(Dataset items)
BEGIN

(* Let $\alpha\in(0,1]$ and let $(X,\|\cdot\|)$ be a Banach space whose norm $\|\cdot\|$ is differentiable with modulus of smoothness of power type $1+\alpha$. Let $X^*$ be the dual space with dual norm $\|\cdot\|_*$ and dual unit sphere $S^*$. Let $C\subseteq X$ and let $D:C\to S^*$ be a mapping. The following are equivalent: (1) There exists a $C^{1,\alpha}$ convex body $V$ such that $C\subseteq\partial V$ and, for every $x\in C$, the hyperplane $H_x:=\{y\in X: D(x)(y)=D(x)(x)\}$ is tangent to $\partial V$ at $x$ and $V\subseteq H_x^-:=\{y\in X: D(x)(y)\le D(x)(x)\}$. (2) There exists $\delta>0$ such that $$D(y)(y-x)\ge\delta\|D(x)-D(y)\|_*^{1+\frac1\alpha}\quad\text{for all }x,y\in C.$$ Moreover, if $C$ is bounded, then $V$ can be taken to be bounded as well.
   Context: The modulus of smoothness of $\|\cdot\|$ is $\rho(t)=\sup\{\tfrac{\|x+th\|+\|x-th\|}{2}-1:\|x\|=\|h\|=1\}$; it is of power type $1+\alpha$ if $\rho(t)\le Kt^{1+\alpha}$ for some $K>0$ and all $t>0$ (such spaces are superreflexive). A convex body is a closed convex set with nonempty interior (possibly unbounded). A function $F:X\to\mathbb{R}$ is of class $C^{1,\alpha}$ if it is Fréchet differentiable and $\|DF(x)-DF(y)\|_*\le K\|x-y\|^\alpha$ for some $K>0$. A convex body $V$ is of class $C^{1,\alpha}$ if there exist $M>0$ and a convex $F\in C^{1,\alpha}(X)$ with $\partial V=F^{-1}(1)$ and $M^{-1}\le\|DF(x)\|_*\le M$ for all $x\in\partial V$. *)

theory Defs
  imports "HOL-Analysis.Analysis"
begin

(* Dual space X* is represented by bounded linear functionals 'a <Rightarrow><^sub>L real,
  with the operator norm as the dual norm. *)

(* Power type 1+alpha: rho(t) <le> K t^(1+alpha), i.e. every quantity under the sup is
  bounded by K t^(1+alpha) (stated pointwise so that it is meaningful also when the
  unit sphere is empty). *)
definition smoothness_power_type :: "real \<Rightarrow> 'a::real_normed_vector itself \<Rightarrow> bool" where
  "smoothness_power_type \<alpha> (_::'a itself) \<longleftrightarrow>
     (\<exists>K>0. \<forall>t>0. \<forall>x h::'a. norm x = 1 \<and> norm h = 1 \<longrightarrow>
        (norm (x + t *\<^sub>R h) + norm (x - t *\<^sub>R h)) / 2 - 1 \<le> K * t powr (1 + \<alpha>))"

definition convex_body :: "'a::real_normed_vector set \<Rightarrow> bool" where
  "convex_body V \<longleftrightarrow> closed V \<and> convex V \<and> interior V \<noteq> {}"

definition C1_alpha_with :: "real \<Rightarrow> ('a::real_normed_vector \<Rightarrow> real) \<Rightarrow> ('a \<Rightarrow> ('a \<Rightarrow>\<^sub>L real)) \<Rightarrow> bool" where
  "C1_alpha_with \<alpha> F DF \<longleftrightarrow>
     (\<forall>x. (F has_derivative blinfun_apply (DF x)) (at x)) \<and>
     (\<exists>K>0. \<forall>x y. norm (DF x - DF y) \<le> K * norm (x - y) powr \<alpha>)"

definition C1_alpha_body :: "real \<Rightarrow> 'a::real_normed_vector set \<Rightarrow> bool" where
  "C1_alpha_body \<alpha> V \<longleftrightarrow> convex_body V \<and>
     (\<exists>M>0. \<exists>F DF. convex_on UNIV F \<and> C1_alpha_with \<alpha> F DF \<and>
        frontier V = F -` {1} \<and>
        (\<forall>x\<in>frontier V. 1 / M \<le> norm (DF x) \<and> norm (DF x) \<le> M))"

definition tangent_at :: "'a::real_normed_vector set \<Rightarrow> 'a set \<Rightarrow> 'a \<Rightarrow> bool" where
  "tangent_at H S x \<longleftrightarrow> x \<in> S \<and> x \<in> H \<and>
     ((\<lambda>y. infdist y H / norm (y - x)) \<longlongrightarrow> 0) (at x within S)"

definition hyperplane_at :: "('a \<Rightarrow> ('a::real_normed_vector \<Rightarrow>\<^sub>L real)) \<Rightarrow> 'a \<Rightarrow> 'a set" where
  "hyperplane_at D x = {y. D x y = D x x}"

definition halfspace_at :: "('a \<Rightarrow> ('a::real_normed_vector \<Rightarrow>\<^sub>L real)) \<Rightarrow> 'a \<Rightarrow> 'a set" where
  "halfspace_at D x = {y. D x y \<le> D x x}"

definition supporting_body :: "real \<Rightarrow> 'a::real_normed_vector set \<Rightarrow> ('a \<Rightarrow> ('a \<Rightarrow>\<^sub>L real)) \<Rightarrow> 'a set \<Rightarrow> bool" where
  "supporting_body \<alpha> C D V \<longleftrightarrow> C1_alpha_body \<alpha> V \<and> C \<subseteq> frontier V \<and>
     (\<forall>x\<in>C. tangent_at (hyperplane_at D x) (frontier V) x \<and> V \<subseteq> halfspace_at D x)"

end

theory Submission
  imports Defs
begin

(*
  Sufficiency.  For psi = norm powr (1 + alpha), the power-type modulus of smoothness gives the
  one-sided bound psi (u + h) + psi (u - h) - 2 psi u <= c * norm h powr (1 + alpha).  By Young's
  inequality, condition (2) puts every affine function D x (z - x) below every cap
  D y (z - y) + M psi (z - y) with y in C.  The convex envelope F of the infimum of the caps is
  squeezed between the two, hence vanishes on C with derivative D there, and it inherits the
  second-difference bound; a convex function with such a bound is C^{1,alpha}.  The body is
  V = {F <= 0}: pushing nearby points of C inwards produces points with F < 0 at bounded distance,
  which keeps DF away from 0 on the frontier and V close to the convex hull of C.

  Necessity.  Tangency of the hyperplanes forces ker DF x <= ker D x, so D x = sgn (DF x) or
  D x = - sgn (DF x), with the same sign for all x.  A convex C^{1,alpha} function satisfies
  F y >= F x + DF x (y - x) + c * norm (DF y - DF x) powr (1 + 1 / alpha), which for F = 1 on C
  is condition (2).
*)

section \<open>Elementary inequalities\<close>

lemma tendsto_mult_powr_at_right_0:
  fixes K \<alpha> :: real
  assumes "0 < \<alpha>"
  shows "((\<lambda>t. K * t powr \<alpha>) \<longlongrightarrow> 0) (at_right 0)"
proof -
  have "((\<lambda>t::real. t powr \<alpha>) \<longlongrightarrow> 0) (at_right 0)"
    using assms by (intro tendsto_zero_powrI tendsto_ident_at)
      (auto simp: eventually_at_right_field intro: exI[of _ 1])
  thus ?thesis by (rule tendsto_mult_right_zero)
qed

lemma nonpos_if_le_mult_powr:
  fixes a K \<alpha> :: real
  assumes "0 < \<alpha>" and "\<And>t. 0 < t \<Longrightarrow> t \<le> 1 \<Longrightarrow> a \<le> K * t powr \<alpha>"
  shows "a \<le> 0"
proof (rule tendsto_lowerbound[OF tendsto_mult_powr_at_right_0[OF assms(1)]])
  show "\<forall>\<^sub>F t in at_right 0. a \<le> K * t powr \<alpha>"
    using assms(2) by (auto simp: eventually_at_right_field intro: exI[of _ 1])
qed simp

lemma powr_le_1_iff:
  fixes x p :: real
  assumes "0 \<le> x" "0 < p"
  shows "x powr p \<le> 1 \<longleftrightarrow> x \<le> 1"
  using powr_le1[of p x] gr_one_powr[of x p] assms by (smt (verit))

lemma powr_eq_1_iff:
  fixes x p :: real
  assumes "0 \<le> x" "0 < p"
  shows "x powr p = 1 \<longleftrightarrow> x = 1"
  using powr_less_mono2[of p x 1] powr_less_mono2[of p 1 x] assms
  by (cases x "1::real" rule: linorder_cases) auto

END

* _REQUIRED WORK_
Scan the records above for the lines holding "(\<forall>x\<in>frontier V. 1" and "((\<lambda>y. infdist y". Transcribe those two and every line between them word for word, and no others.

* _FINISHED TASK_
        (\<forall>x\<in>frontier V. 1 / M \<le> norm (DF x) \<and> norm (DF x) \<le> M))"

definition tangent_at :: "'a::real_normed_vector set \<Rightarrow> 'a set \<Rightarrow> 'a \<Rightarrow> bool" where
  "tangent_at H S x \<longleftrightarrow> x \<in> S \<and> x \<in> H \<and>
     ((\<lambda>y. infdist y H / norm (y - x)) \<longlongrightarrow> 0) (at x within S)"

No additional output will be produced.